A 15-storey serviced apartment development located next to Health City Novena was sold by TA Realty Pte Ltd, a wholly-owned subsidiary of TA Corporation Limited, for $86.5 million to RL Shan Pte Ltd a joint venture between RL Properties Pte Ltd (a wholly owned subsidiary of Roxy-Pacific Holdings Ltd) ,Macly Capital Pte Ltd and LWH Holdings Pte Ltd..

Currently known as ‘12 On Shan’, the 78-unit freehold building was completed in 2018 with a gross floor area of 68,048 sqft. It features a combination of studio, one and two-bedroom apartments, some of which are dual-key units. The sale price reflects an average rate of about $1.1 million per unit. All the apartments are fully fitted and furnished.

Delasa, which brokered the sale, was appointed by the vendors to run a marketing campaign for the property last year. Mr Karamjit Singh, chief executive of Delasa said, “The property had attracted interest from a wide-ranging profile of buyers. This property was uniquely positioned as an income generating asset while feeding well into the strong overall private residential market. It was found to serve well as a form of landbank with its freehold tenure for future redevelopment. It is also one of the very few serviced apartment developments offered for sale, which appealed to investors who are confident with the recovery of the travel and hospitality sector post-pandemic”.

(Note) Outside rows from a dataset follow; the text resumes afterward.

(* Let $\rho_1\in(0,1)$, $\rho_2\in(0,1-\rho_1)$. In a sample $\eta$ of $\mu^{\rho_1,\rho_2}$ there exists, with probability $1$, a site $i\in\mathbb{Z}$ with $\eta(i)=2$ (a second class particle).
   Context: $\mu^{\rho_1,\rho_2}$ (queueing construction): let $(a(i))_{i\in\mathbb{Z}}$, $(s(i))_{i\in\mathbb{Z}}$ be independent families of i.i.d. Bernoulli variables with parameters $\rho_1$ and $\rho_1+\rho_2$; $\mathcal{A}_{[i,j]}=\sum_{k=i}^ja(k)$, $\mathcal{S}_{[i,j]}=\sum_{k=i}^js(k)$ (empty sums $0$); $Q_i=\sup_{j\ge i-1}(\mathcal{A}_{[i,j]}-\mathcal{S}_{[i,j]})$; $d(i)=1$ iff $s(i)=1$ and ($a(i)=1$ or $Q_{i+1}\ge1$) (equivalently, each $i$ with $a(i)=1$ is matched to the largest $j\le i$ with $s(j)=1$ not yet matched, and $d=1$ at matched sites). Set $\eta(i)=1$ if $d(i)=1$, $\eta(i)=2$ if $s(i)=1,d(i)=0$, $\eta(i)=+\infty$ if $s(i)=0$; $\mu^{\rho_1,\rho_2}$ is the law of $\eta$. *)

theory Defs
  imports "HOL-Probability.Probability" "HOL-Library.Extended_Nat"
begin

text \<open>Queueing construction of the two-type measure. Arrivals a and services s are
  Bernoulli variables encoded as booleans (True = 1).\<close>

definition cnt :: "(int \<Rightarrow> bool) \<Rightarrow> int \<Rightarrow> int \<Rightarrow> int" where
  "cnt x i j = (\<Sum>k\<in>{i..j}. of_bool (x k))"

definition queueQ :: "(int \<Rightarrow> bool) \<Rightarrow> (int \<Rightarrow> bool) \<Rightarrow> int \<Rightarrow> ereal" where
  "queueQ a s i = (SUP j\<in>{i - 1..}. ereal (of_int (cnt a i j - cnt s i j)))"

definition departure :: "(int \<Rightarrow> bool) \<Rightarrow> (int \<Rightarrow> bool) \<Rightarrow> int \<Rightarrow> bool" where
  "departure a s i \<longleftrightarrow> s i \<and> (a i \<or> queueQ a s (i + 1) \<ge> 1)"

definition config :: "(int \<Rightarrow> bool) \<Rightarrow> (int \<Rightarrow> bool) \<Rightarrow> int \<Rightarrow> enat" where
  "config a s i = (if departure a s i then 1 else if s i then 2 else \<infinity>)"

definition arr_serv :: "('w \<Rightarrow> int \<Rightarrow> bool) \<Rightarrow> ('w \<Rightarrow> int \<Rightarrow> bool) \<Rightarrow> int + int \<Rightarrow> 'w \<Rightarrow> bool" where
  "arr_serv a s k = (case k of Inl i \<Rightarrow> (\<lambda>w. a w i) | Inr i \<Rightarrow> (\<lambda>w. s w i))"

end

theory Submission
  imports Defs
begin

text \<open>
  Let \<open>W n = \<S>[1,n] - \<A>[1,n]\<close> be the surplus of services over arrivals in \<open>[1, n]\<close>.
  Its increments have mean \<open>\<rho>\<^sub>2 > 0\<close>, so by Hoeffding's inequality and Borel--Cantelli
  almost surely \<open>W n > 0\<close> for all large \<open>n\<close>. Since \<open>W 0 = 0\<close>, the walk then has a last
  minimum at some \<open>n\<close>. The next step is an up-step, i.e. a service and no arrival at
  \<open>i = n + 1\<close>, and the walk never returns below \<open>W i\<close>, i.e. services keep up with
  arrivals after \<open>i\<close>: the queue \<open>Q\<^sub>i\<^sub>+\<^sub>1\<close> is empty, so the service at \<open>i\<close> is unused
  and \<open>\<eta>(i) = 2\<close>.
\<close>

lemma cnt_split:
  assumes "lo \<le> i + 1" "i \<le> j"
  shows "cnt x lo j = cnt x lo i + cnt x (i + 1) j"
proof -
  have "{lo..j} = {lo..i} \<union> {i + 1..j}" "{lo..i} \<inter> {i + 1..j} = {}"
    using assms by auto
  then show ?thesis
    unfolding cnt_def by (metis finite_atLeastAtMost_int sum.union_disjoint)
qed

lemma cnt_empty: "j < i \<Longrightarrow> cnt x i j = 0"
  unfolding cnt_def by simp

lemma cnt_snoc:
  assumes "i \<le> j + 1"
  shows "cnt x i (j + 1) = cnt x i j + of_bool (x (j + 1))"
  using cnt_split[of i j "j + 1" x] assms by (simp add: cnt_def)

lemma config_eq_2I:
  assumes "s i" "\<not> a i"
    and keeps_up: "\<And>j. i \<le> j \<Longrightarrow> cnt a (i + 1) j \<le> cnt s (i + 1) j"
  shows "config a s i = 2"
proof -
  have "queueQ a s (i + 1) \<le> 0"
    unfolding queueQ_def using keeps_up by (intro SUP_least) auto
  then have "\<not> departure a s i"
    unfolding departure_def using \<open>\<not> a i\<close> by (auto dest: order.trans)
  then show ?thesis
    unfolding config_def using \<open>s i\<close> by simp
qed

lemma eventually_greater_imp_last_minimum:
  fixes W :: "nat \<Rightarrow> 'a::linorder"
  assumes "eventually (\<lambda>n. W 0 < W n) sequentially"
  shows "\<exists>n. \<forall>k>n. W n < W k"
proof -
  obtain N where N: "\<And>k. N \<le> k \<Longrightarrow> W 0 < W k"
    using assms unfolding eventually_sequentially by blast
  define m where "m = Min (W ` {..N})"
  define n where "n = Max {k \<in> {..N}. W k = m}"
  have m_le: "m \<le> W k" if "k \<le> N" for k
    unfolding m_def using that by simp
  have "m \<in> W ` {..N}"
    unfolding m_def by (intro Min_in) auto
  then have "n \<in> {k \<in> {..N}. W k = m}"
    unfolding n_def by (intro Max_in) auto
  then have "n \<le> N" "W n = m" by auto
  have "W n < W k" if "n < k" for k
  proof (cases "k \<le> N")
    case True
    have "W k \<noteq> m"
    proof
      assume "W k = m"
      then have "k \<le> n"
        unfolding n_def using True by (intro Max_ge) auto
      with \<open>n < k\<close> show False by simp
    qed
    with m_le[OF True] \<open>W n = m\<close> show ?thesis by simp
  next
    case False
    then have "W 0 < W k"
      by (intro N) simp
    with m_le[of 0] \<open>W n = m\<close> show ?thesis by simp
  qed
  then show ?thesis by blast
qed

lemma exists_second_class_if_eventually_more_services:
  assumes "eventually (\<lambda>n. cnt a 1 (int n) < cnt s 1 (int n)) sequentially"
  shows "\<exists>i. config a s i = 2"
proof -
  define W where "W n = cnt s 1 (int n) - cnt a 1 (int n)" for n
  have "W 0 = 0"
    unfolding W_def by (simp add: cnt_empty)
  with assms obtain n where last_min: "\<And>k. n < k \<Longrightarrow> W n < W k"
    using eventually_greater_imp_last_minimum[of W] unfolding W_def by force
  define i where "i = int n + 1"
  have W_Suc: "W (Suc n) = W n + of_bool (s i) - of_bool (a i)"
    using cnt_snoc[of 1 "int n" s] cnt_snoc[of 1 "int n" a]
    unfolding W_def i_def by (simp add: ac_simps)
  with last_min[of "Suc n"] have "s i" "\<not> a i" "W (Suc n) = W n + 1"
    by (auto split: if_splits)
  moreover have "cnt a (i + 1) j \<le> cnt s (i + 1) j" if "i \<le> j" for j
  proof -
    have "n < nat j"
      using that i_def by simp
    then have "W (Suc n) \<le> W (nat j)"
      using last_min[of "nat j"] \<open>W (Suc n) = W n + 1\<close> by simp
    moreover have "W (nat j) = W (Suc n) + cnt s (i + 1) j - cnt a (i + 1) j"
      using that cnt_split[of 1 i j s] cnt_split[of 1 i j a]
      unfolding W_def i_def by (simp add: add.commute)
    ultimately show ?thesis by simp
  qed
  ultimately show ?thesis
    using config_eq_2I by blast
qed

lemma measurable_cnt:
  assumes "\<And>k. (\<lambda>w. x w k) \<in> M \<rightarrow>\<^sub>M count_space UNIV"
  shows "(\<lambda>w. real_of_int (cnt (x w) i j)) \<in> borel_measurable M"
proof -
  have [measurable]: "(\<lambda>w. of_bool (x w k) :: real) \<in> borel_measurable M" for k
    using measurable_compose[OF assms[of k], of "\<lambda>b. of_bool b :: real" borel] by simp
  show ?thesis
    unfolding cnt_def of_int_sum of_int_of_bool by measurable
qed

lemma (in prob_space) measurable_arr_serv:
  assumes "indep_vars (\<lambda>_. count_space UNIV) (arr_serv a s) UNIV"
  shows "(\<lambda>w. a w i) \<in> M \<rightarrow>\<^sub>M count_space UNIV"
    and "(\<lambda>w. s w i) \<in> M \<rightarrow>\<^sub>M count_space UNIV"
proof -
  have "arr_serv a s k \<in> M \<rightarrow>\<^sub>M count_space UNIV" for k
    using assms unfolding indep_vars_def by blast
  from this[of "Inl i"] this[of "Inr i"]
  show "(\<lambda>w. a w i) \<in> M \<rightarrow>\<^sub>M count_space UNIV" "(\<lambda>w. s w i) \<in> M \<rightarrow>\<^sub>M count_space UNIV"
    by (simp_all add: arr_serv_def)
qed

lemma (in prob_space) expectation_of_bool:
  "expectation (\<lambda>w. of_bool (P w) :: real) = prob {w \<in> space M. P w}"
proof -
  have "expectation (\<lambda>w. of_bool (P w) :: real) = expectation (indicator {w \<in> space M. P w})"
    by (intro Bochner_Integration.integral_cong) (auto simp: indicator_def)
  also have "\<dots> = prob {w \<in> space M. P w}"
    by (simp add: Int_absorb2)
  finally show ?thesis .
qed

lemma (in prob_space) Hoeffding_cnt_le:
  assumes indep: "indep_vars (\<lambda>_. count_space UNIV) (arr_serv a s) UNIV"
    and prob_a: "\<And>i. prob {w \<in> space M. a w i} = p"
    and prob_s: "\<And>i. prob {w \<in> space M. s w i} = q"
    and "0 \<le> \<epsilon>"
  shows "prob {w \<in> space M. real_of_int (cnt (s w) 1 (int n) - cnt (a w) 1 (int n))
                              \<le> real n * (q - p - \<epsilon>)} \<le> exp (- \<epsilon>\<^sup>2 * real n)"
proof (cases "n = 0")
  case False
  define Y :: "int + int \<Rightarrow> 'a \<Rightarrow> real" where
    "Y k w = (case k of Inl _ \<Rightarrow> - of_bool (arr_serv a s k w)
                      | Inr _ \<Rightarrow> of_bool (arr_serv a s k w))" for k w
  define lo :: "int + int \<Rightarrow> real" where "lo k = (case k of Inl _ \<Rightarrow> -1 | Inr _ \<Rightarrow> 0)" for k
  define hi :: "int + int \<Rightarrow> real" where "hi k = (case k of Inl _ \<Rightarrow> 0 | Inr _ \<Rightarrow> 1)" for k
  define I where "I = Inl ` {1..int n} \<union> Inr ` {1..int n}"
  have sum_I: "(\<Sum>k\<in>I. g k) = (\<Sum>i\<in>{1..int n}. g (Inl i)) + (\<Sum>i\<in>{1..int n}. g (Inr i))"
    for g :: "int + int \<Rightarrow> real"
    unfolding I_def by (subst sum.union_disjoint) (auto simp: sum.reindex)
  have sum_Y: "(\<Sum>k\<in>I. Y k w) = real_of_int (cnt (s w) 1 (int n) - cnt (a w) 1 (int n))" for w
    unfolding sum_I cnt_def by (simp add: Y_def arr_serv_def sum_negf)
  interpret Hoeffding_ineq M I Y lo hi "real n * (q - p)"
  proof unfold_locales
    show "finite I" unfolding I_def by simp
    have "indep_vars (\<lambda>_. borel) Y UNIV"
      unfolding Y_def by (rule indep_vars_compose2[OF indep]) (auto split: sum.splits)
    then show "indep_vars (\<lambda>_. borel) Y I"
      by (rule indep_vars_subset) auto
    show "AE x in M. Y k x \<in> {lo k..hi k}" if "k \<in> I" for k
      by (auto simp: Y_def lo_def hi_def split: sum.splits)
    have "Y (Inl i) = (\<lambda>w. - of_bool (a w i))" "Y (Inr i) = (\<lambda>w. of_bool (s w i))" for i
      by (simp_all add: fun_eq_iff Y_def arr_serv_def)
    then have "expectation (Y (Inl i)) = - p" "expectation (Y (Inr i)) = q" for i
      by (simp_all add: expectation_of_bool prob_a prob_s)
    then show "real n * (q - p) \<equiv> \<Sum>k\<in>I. expectation (Y k)"
      unfolding sum_I by (simp add: algebra_simps)
  qed
  have ranges: "(\<Sum>k\<in>I. (hi k - lo k)\<^sup>2) = 2 * real n"
    unfolding sum_I by (simp add: lo_def hi_def)
  have "prob {w \<in> space M. real_of_int (cnt (s w) 1 (int n) - cnt (a w) 1 (int n))
                             \<le> real n * (q - p - \<epsilon>)}
        = prob {w \<in> space M. (\<Sum>k\<in>I. Y k w) \<le> real n * (q - p) - real n * \<epsilon>}"
    unfolding sum_Y by (simp add: algebra_simps)
  also have "\<dots> \<le> exp (-2 * (real n * \<epsilon>)\<^sup>2 / (\<Sum>k\<in>I. (hi k - lo k)\<^sup>2))"
    using \<open>0 \<le> \<epsilon>\<close> False ranges by (intro Hoeffding_ineq_le) auto
  also have "\<dots> = exp (- \<epsilon>\<^sup>2 * real n)"
    unfolding ranges using False by (simp add: field_simps power2_eq_square)
  finally show ?thesis .
qed simp

lemma (in prob_space) AE_eventually_notin_if_prob_le_exp:
  assumes "\<And>n. A n \<in> events" "\<And>n. prob (A n) \<le> exp (- c * real n)" "0 < c"
  shows "AE w in M. eventually (\<lambda>n. w \<notin> A n) sequentially"
proof -
  have "summable (\<lambda>n. prob (A n))"
  proof (rule summable_comparison_test)
    show "\<exists>N. \<forall>n\<ge>N. norm (prob (A n)) \<le> exp (- c) ^ n"
      using assms(2) by (simp add: exp_of_nat_mult[symmetric] mult.commute)
    show "summable (\<lambda>n. exp (- c) ^ n)"
      using \<open>0 < c\<close> by (intro summable_geometric) simp
  qed
  then have "AE w in M. eventually (\<lambda>n. w \<in> space M - A n) sequentially"
    using assms(1) by (intro borel_cantelli_AE1) (auto simp: less_top[symmetric])
  then show ?thesis
    by (rule AE_mp) (auto elim: eventually_mono)
qed

lemma (in prob_space) AE_eventually_more_services:
  assumes indep: "indep_vars (\<lambda>_. count_space UNIV) (arr_serv a s) UNIV"
    and prob_a: "\<And>i. prob {w \<in> space M. a w i} = p"
    and prob_s: "\<And>i. prob {w \<in> space M. s w i} = q"
    and "p < q"
  shows "AE w in M. eventually (\<lambda>n. cnt (a w) 1 (int n) < cnt (s w) 1 (int n)) sequentially"
proof -
  define \<epsilon> where "\<epsilon> = (q - p) / 2"
  define A where "A n = {w \<in> space M. real_of_int (cnt (s w) 1 (int n) - cnt (a w) 1 (int n))
                                       \<le> real n * (q - p - \<epsilon>)}" for n
  have [measurable]: "(\<lambda>w. real_of_int (cnt (x w) 1 (int n))) \<in> borel_measurable M"
    if "x = a \<or> x = s" for x n
    using that measurable_arr_serv[OF indep] by (auto intro: measurable_cnt)
  have "A n \<in> events" for n
    unfolding A_def of_int_diff by measurable
  moreover have "prob (A n) \<le> exp (- \<epsilon>\<^sup>2 * real n)" for n
    unfolding A_def using \<open>p < q\<close>
    by (intro Hoeffding_cnt_le[OF indep prob_a prob_s]) (simp add: \<epsilon>_def)
  ultimately have eventually_outside: "AE w in M. eventually (\<lambda>n. w \<notin> A n) sequentially"
    by (rule AE_eventually_notin_if_prob_le_exp) (use \<open>p < q\<close> in \<open>simp add: \<epsilon>_def\<close>)
  have outside_imp_more: "cnt (a w) 1 (int n) < cnt (s w) 1 (int n)"
    if "w \<in> space M" "w \<notin> A n" for w n
  proof -
    have "real n * (q - p - \<epsilon>) < real_of_int (cnt (s w) 1 (int n) - cnt (a w) 1 (int n))"
      using that unfolding A_def by simp
    moreover have "0 \<le> real n * (q - p - \<epsilon>)"
      using \<open>p < q\<close> by (simp add: \<epsilon>_def)
    ultimately show ?thesis
      by linarith
  qed
  from AE_space eventually_outside show ?thesis
  proof eventually_elim
    case (elim w)
    from elim(2) show ?case
      by (rule eventually_mono) (rule outside_imp_more[OF elim(1)])
  qed
qed

theorem lemmaC1:
  fixes M :: "'w measure" and a s :: "'w \<Rightarrow> int \<Rightarrow> bool" and \<rho>1 \<rho>2 :: real
  assumes "prob_space M"
    and "0 < \<rho>1" "\<rho>1 < 1" "0 < \<rho>2" "\<rho>2 < 1 - \<rho>1"
    and "prob_space.indep_vars M (\<lambda>_. count_space UNIV) (arr_serv a s) UNIV"
    and "\<And>i. measure M {w \<in> space M. a w i} = \<rho>1"
    and "\<And>i. measure M {w \<in> space M. s w i} = \<rho>1 + \<rho>2"
  shows "AE w in M. \<exists>i. config (a w) (s w) i = 2"
proof -
  interpret prob_space M by fact
  have "AE w in M. eventually (\<lambda>n. cnt (a w) 1 (int n) < cnt (s w) 1 (int n)) sequentially"
    by (rule AE_eventually_more_services[OF assms(6-8)]) (use \<open>0 < \<rho>2\<close> in simp)
  then show ?thesis
    by (rule AE_mp) (auto intro: exists_second_class_if_eventually_more_services)
qed

end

The purchasers are understood to be looking to maintain the serviced apartment operations.

Located a short walk to the Novena MRT station and premium private healthcare providers like Mount Elizabeth Novena Hospital, Tan Tock Seng Hospital and the neighbouring cluster of specialist medical centres, 12 On Shan is the only full-fledged serviced apartment building located within the immediate vicinity of the fast developing 17-hectare Health City Novena.

“Now that travel restrictions are being eased and with the opening of international borders, Singapore’s hospitality assets would stand to benefit from the resumption of leisure and medical tourism,” said Mr Singh.